De rechtbank heeft kennisgenomen van de stukken, waaronder:
  • het verzoek van de moeder, ingekomen op 20 januari 2022;
  • een F9-formulier met bijlage van de moeder, ingekomen op 3 maart 2022;
  • een F9-formulier met bijlage van de moeder d.d. 11 mei 2022;
  • een e-mail van de moeder d.d. 27 juni 2022.
1.2.
De mondelinge behandeling achter gesloten deuren heeft plaatsgevonden op 1 september 2022. Verschenen zijn: de moeder bijgestaan door haar advocaat en een tolk, ….
1.3.
[minderjarige] heeft voorafgaand aan de zitting met de kinderrechter gesproken.

2.De feiten

2.1.
De minderjarige:
[minderjarige] ,
geboren te [geboorteplaats] op [geboortedatum] 2005,
is geboren uit de moeder voornoemd.
2.2.
Het ouderlijk gezag over [minderjarige] is op 20 februari 2019 beëindigd door de rechtbank Noord-Holland, waarbij instelling ‘de Jeugd- en Gezinsbeschermers’ werd benoemd tot voogdes.
2.3.
Bij beschikking van 16 oktober 2019 is de voogdij overgedragen aan de GI.
2.4.
[minderjarige] woont weer bij de moeder thuis en er vindt op dit moment ambulante begeleiding plaats.

3.Het verzoek

3.1.
De moeder verzoekt de rechtbank, uitvoerbaar bij voorraad, te bepalen dat de moeder wordt hersteld in het gezag ex artikel 1:277 lid 1 van het Burgerlijk Wetboek (BW).
3.2.
De moeder stelt zich op het standpunt dat sprake is van positief gewijzigde omstandigheden. De persoonlijke problematiek waarmee de moeder kampte, en waardoor zij uit het gezag is ontheven, is niet langer aanwezig. Er is geen sprake meer van depressieve gevoelens of gezondheidsproblemen. De moeizame relatie tussen de moeder en de vader vormt ook geen belemmering meer voor de ontwikkeling van [minderjarige] . Er is geen sprake van dat [minderjarige] klem of verloren dreigt te raken tussen de ouders. Nadat de moeder uit haar gezag is ontheven heeft tussen [minderjarige] en de moeder omgang plaatsgevonden. [minderjarige] sliep elke week minimaal één nacht bij de moeder. Tijdens de zomervakantie zijn de contactmomenten uitgebreid. De GI heeft op 20 mei 2021 besloten om naar een terugplaatsing toe te werken van [minderjarige] naar de moeder. Daarvoor moest eerst hulpverlening worden gestart.

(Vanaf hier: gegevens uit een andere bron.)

(* Let documents $t_1,\ldots,t_N$, each containing at most $L$ distinct words from a dictionary of $D\ge 2$ words, arrive one at a time in a stream. Fix $\epsilon\in(0,1]$ and $p=2\log D$. The streaming algorithm maintains, for each word $x$, a counter $\#(x)$ of the number of documents seen so far containing $x$, and a hash map $H$ keyed by pairs of words, each entry holding a bag of numbers. On arrival of a document, the counters are updated, and for each unordered pair of distinct words $x,y$ in the document, with an independent coin flip of probability $q=\min\!\left(1,\frac{p}{\epsilon}\frac{1}{\sqrt{\#(x)\#(y)}}\right)$ (computed with the current counter values), the value $q$ is inserted into the bag of $(x,y)$ in $H$. Then the expected total memory used by this algorithm (the size of $H$ together with the counters) is $O(DL\lg(N)\log(D)/\epsilon)$.
   Context: $\lg$ is the base-2 logarithm and $\log$ the natural logarithm. Queries for the similarity of $x,y$ are answered by independently subsampling each stored value $q_i$ in the bag of $(x,y)$ with probability $\frac{p}{\epsilon}\frac{1}{q_i\sqrt{\#(x)\#(y)}}$ and scaling the number of survivors by $\epsilon/p$; queries do not affect memory. *)

theory Defs
  imports "HOL-Probability.Probability"
begin

type_synonym word = nat
(* state: counters #(x), and hash map H from unordered pairs {x,y} to bags of stored values *)
type_synonym state = "(word \<Rightarrow> nat) \<times> (word set \<Rightarrow> real multiset)"

definition doc_pairs :: "word set \<Rightarrow> word set set" where
  "doc_pairs t = {e. e \<subseteq> t \<and> card e = 2}"

definition init_state :: state where
  "init_state = (\<lambda>_. 0, \<lambda>_. {#})"

definition samp_prob :: "real \<Rightarrow> real \<Rightarrow> (word \<Rightarrow> nat) \<Rightarrow> word set \<Rightarrow> real" where
  "samp_prob p eps c e = min 1 (p / eps * (1 / sqrt (\<Prod>x\<in>e. real (c x))))"

definition alg_step :: "real \<Rightarrow> real \<Rightarrow> state \<Rightarrow> word set \<Rightarrow> state pmf" where
  "alg_step p eps s t =
     (let c' = (\<lambda>x. if x \<in> t then fst s x + 1 else fst s x)
      in map_pmf
           (\<lambda>b. (c', \<lambda>e. snd s e +
                   (if e \<in> doc_pairs t \<and> b e then {# samp_prob p eps c' e #} else {#})))
           (Pi_pmf (doc_pairs t) False (\<lambda>e. bernoulli_pmf (samp_prob p eps c' e))))"

definition run_alg :: "real \<Rightarrow> real \<Rightarrow> word set list \<Rightarrow> state pmf" where
  "run_alg p eps ts = foldl (\<lambda>M t. bind_pmf M (\<lambda>s. alg_step p eps s t)) (return_pmf init_state) ts"

(* memory: D counters + number of keys present in H + total number of stored values *)
definition memory :: "word set \<Rightarrow> state \<Rightarrow> nat" where
  "memory Dict s = card Dict + card {e \<in> doc_pairs Dict. snd s e \<noteq> {#}}
                   + (\<Sum>e\<in>doc_pairs Dict. size (snd s e))"

end

theory Submission
  imports Defs "HOL-Analysis.Harmonic_Numbers"
begin
lemma semisimple_modulo_Int:
  assumes X: "right_ideal R X" and Y: "right_ideal R Y"
    and X_ss: "semisimple_modulo R X" and Y_ss: "semisimple_modulo R Y"
  shows "semisimple_modulo R (X \<inter> Y)"
proof (rule semisimple_moduloI)
  fix A assume A_right: "right_ideal R A" and A: "X \<inter> Y \<subseteq> A"
  \<comment> \<open>Complement \<open>A + X\<close> modulo \<open>X\<close> by \<open>C\<close>, then \<open>(A \<inter> X) + Y\<close> modulo \<open>Y\<close> by \<open>W\<close>;
    by modularity \<open>C \<inter> W\<close> complements \<open>A\<close> modulo \<open>X \<inter> Y\<close>.\<close>
  obtain C where C: "right_ideal R C" "X \<subseteq> C" "(A <+> X) \<inter> C = X" "(A <+> X) <+> C = carrier R"
    using semisimple_moduloD[OF X_ss right_ideal_set_add[OF A_right X]
        right_ideal_subset_set_add(2)[OF A_right X]] by blast
  have AX_right: "right_ideal R (A \<inter> X)" using right_ideal_Int[OF A_right X] .
  obtain W where W: "right_ideal R W" "Y \<subseteq> W" "((A \<inter> X) <+> Y) \<inter> W = Y"
      "((A \<inter> X) <+> Y) <+> W = carrier R"
    using semisimple_moduloD[OF Y_ss right_ideal_set_add[OF AX_right Y]
        right_ideal_subset_set_add(2)[OF AX_right Y]] by blast
  have "A \<inter> (C \<inter> W) \<subseteq> X \<inter> Y"
  proof
    fix x assume x: "x \<in> A \<inter> (C \<inter> W)"
    then have "x \<in> X"
      using C(3) right_ideal_subset_set_add(1)[OF A_right X] by blast
    then have "x \<in> Y"
      using x W(3) right_ideal_subset_set_add(1)[OF AX_right Y] by blast
    then show "x \<in> X \<inter> Y" using \<open>x \<in> X\<close> by blast
  qed
  then have int: "A \<inter> (C \<inter> W) = X \<inter> Y" using A C(2) W(2) by blast
  have "carrier R \<subseteq> A <+> (C \<inter> W)"
  proof
    fix r assume "r \<in> carrier R"
    then have "r \<in> (A <+> X) <+> C" using C(4) by simp
    then obtain a x c where axc: "a \<in> A" "x \<in> X" "c \<in> C" "r = (a \<oplus> x) \<oplus> c"
      by (metis set_addE)
    have carrier_axc: "a \<in> carrier R" "x \<in> carrier R" "c \<in> carrier R"
      using axc(1) right_ideal_subset[OF A_right] axc(2) right_ideal_subset[OF X]
        axc(3) right_ideal_subset[OF C(1)] by blast+
    have "x \<oplus> c \<in> (A \<inter> X <+> Y) <+> W" using carrier_axc W(4) by simp
    then obtain z y w where zyw: "z \<in> A \<inter> X" "y \<in> Y" "w \<in> W" "x \<oplus> c = (z \<oplus> y) \<oplus> w"
      by (metis set_addE)
    have carrier_zyw: "z \<in> carrier R" "y \<in> carrier R" "w \<in> carrier R"
      using zyw(1) right_ideal_subset[OF AX_right] zyw(2) right_ideal_subset[OF Y]
        zyw(3) right_ideal_subset[OF W(1)] by blast+
    have yw: "y \<oplus> w = (x \<oplus> c) \<ominus> z"
      using zyw(4) carrier_axc carrier_zyw by (simp add: a_minus_def a_ac r_neg)
    have "x \<oplus> c \<in> C" using right_ideal_add[OF C(1)] axc(2,3) C(2) by blast
    moreover have "z \<in> C" using zyw(1) C(2) by blast
    ultimately have "y \<oplus> w \<in> C" unfolding yw by (rule right_ideal_minus[OF C(1)])
    moreover have "y \<oplus> w \<in> W" using right_ideal_add[OF W(1)] W(2) zyw(2,3) by blast
    moreover have "a \<oplus> z \<in> A" using right_ideal_add[OF A_right] axc(1) zyw(1) by blast
    moreover have "r = (a \<oplus> z) \<oplus> (y \<oplus> w)"
      using axc(4) zyw(4) carrier_axc carrier_zyw by (simp add: a_ac)
    ultimately show "r \<in> A <+> (C \<inter> W)" by (blast intro: set_addI)
  qed
  then have "A <+> (C \<inter> W) = carrier R"
    using right_ideal_subset[OF right_ideal_set_add[OF A_right right_ideal_Int[OF C(1) W(1)]]]
    by blast
  then show "\<exists>B. right_ideal R B \<and> X \<inter> Y \<subseteq> B \<and> A \<inter> B = X \<inter> Y \<and> A <+> B = carrier R"
    using right_ideal_Int[OF C(1) W(1)] int C(2) W(2) by blast
qed

lemma rev_prod_closed: "(\<And>k. a k \<in> carrier R) \<Longrightarrow> rev_prod R a n \<in> carrier R"
  by (induction n) auto
lemma radial_factors_bounded_exists:
  assumes R: "R > 0"
  obtains K where "K \<ge> 0" "radial_factors_bounded R K"
proof -
  obtain Kp where Kp: "Kp \<ge> 0"
    "\<And>r. 0 < r \<Longrightarrow> r \<le> R \<Longrightarrow> D 0 r / r \<le> Kp"
    "\<And>r. 0 < r \<Longrightarrow> r \<le> R \<Longrightarrow> \<bar>D 1 r / D 0 r\<bar> \<le> Kp / r"
    "\<And>r. 0 < r \<Longrightarrow> r \<le> R \<Longrightarrow> 1 / (D 0 r)\<^sup>2 \<le> Kp / r\<^sup>2"
    "\<And>r. 0 < r \<Longrightarrow> r \<le> R \<Longrightarrow> \<bar>Lambda_rad DIM('a) D r + 4 * (K_rad D r - H_tan D r)\<bar> \<le> Kp"
    using profile_coefficient_bounds[OF R] by blast
  obtain M where M: "M \<ge> 0" "\<And>x. norm x \<le> R \<Longrightarrow> \<bar>radial_deriv u x\<bar> \<le> M"
    "\<And>x. norm x \<le> R \<Longrightarrow> \<bar>radial_deriv2 u x\<bar> \<le> M"
    using radial_derivs_bounded[OF smooth_u] by blast
  define V where "V = Kp ^ (DIM('a) - 1)"
  define K where "K = V + Kp + M + M\<^sup>2 * V"
  have V: "0 \<le> V" using Kp(1) by (simp add: V_def)
  then have K: "V \<le> K" "Kp \<le> K" "M \<le> K" "M\<^sup>2 * V \<le> K"
    using Kp(1) M(1) by (simp_all add: K_def)
  show ?thesis
  proof (rule that)
    show "K \<ge> 0" using K(1) V by linarith
    show "radial_factors_bounded R K"
      unfolding radial_factors_bounded_def
    proof (intro allI impI)
      fix x :: 'a assume x: "0 < norm x" "norm x \<le> R"
      have vol: "0 \<le> vol_density DIM('a) psi x" "vol_density DIM('a) psi x \<le> V"
        using D0_pos[OF x(1)] Kp(2)[OF x] unfolding vol_density_eq V_def by (auto intro!: power_mono)
      moreover have "(radial_deriv u x)\<^sup>2 * vol_density DIM('a) psi x \<le> M\<^sup>2 * V"
        using vol M(2)[OF x(2)] by (intro mult_mono) (auto simp: abs_le_square_iff[symmetric])
      moreover have "\<bar>D 1 (norm x) / D 0 (norm x)\<bar> \<le> K / norm x"
        using Kp(3)[OF x] divide_right_mono[OF K(2), of "norm x"] by simp
      moreover have "1 / (psi (norm x))\<^sup>2 \<le> K / (norm x)\<^sup>2"
        using Kp(4)[OF x] divide_right_mono[OF K(2), of "(norm x)\<^sup>2"] by (simp add: psi_norm)
      ultimately show "0 \<le> vol_density DIM('a) psi x \<and> vol_density DIM('a) psi x \<le> K \<and>
        \<bar>radial_deriv u x\<bar> \<le> K \<and> \<bar>radial_deriv2 u x\<bar> \<le> K \<and>
        (radial_deriv u x)\<^sup>2 * vol_density DIM('a) psi x \<le> K \<and>
        \<bar>D 1 (norm x) / D 0 (norm x)\<bar> \<le> K / norm x \<and> 1 / (psi (norm x))\<^sup>2 \<le> K / (norm x)\<^sup>2 \<and>
        \<bar>Lambda_rad DIM('a) D (norm x) + 4 * (K_rad D (norm x) - H_tan D (norm x))\<bar> \<le> K"
        using K M(2,3)[OF x(2)] Kp(5)[OF x] by linarith
    qed
  qed
qed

Besloten is om Multidimensionale Familietherapie (MDFT) in te zetten met een ambulant hulpverlener. Medio december 2021 is [minderjarige] weer bij de moeder gaan wonen. Dit gaat heel goed. De moeder is zich bewust van de speciale opvoeding die [minderjarige] nodig heeft en erkent dat ze daar hulp bij nodig heeft. Ze is dan ook erg tevreden met de ondersteuning van de ambulante hulpverlening. Indien er enige zorgen bestaan over de opvoedsituatie van [minderjarige] , dan kunnen deze worden weggenomen door de inzet van de ambulante hulpverlener. De moeder meent dat zij in staat is langdurig de verzorging en opvoeding van [minderjarige] op zich te nemen.
3.3.
Tijdens het gesprek met [minderjarige] , is gebleken dat zij veel heeft meegemaakt in haar jeugd.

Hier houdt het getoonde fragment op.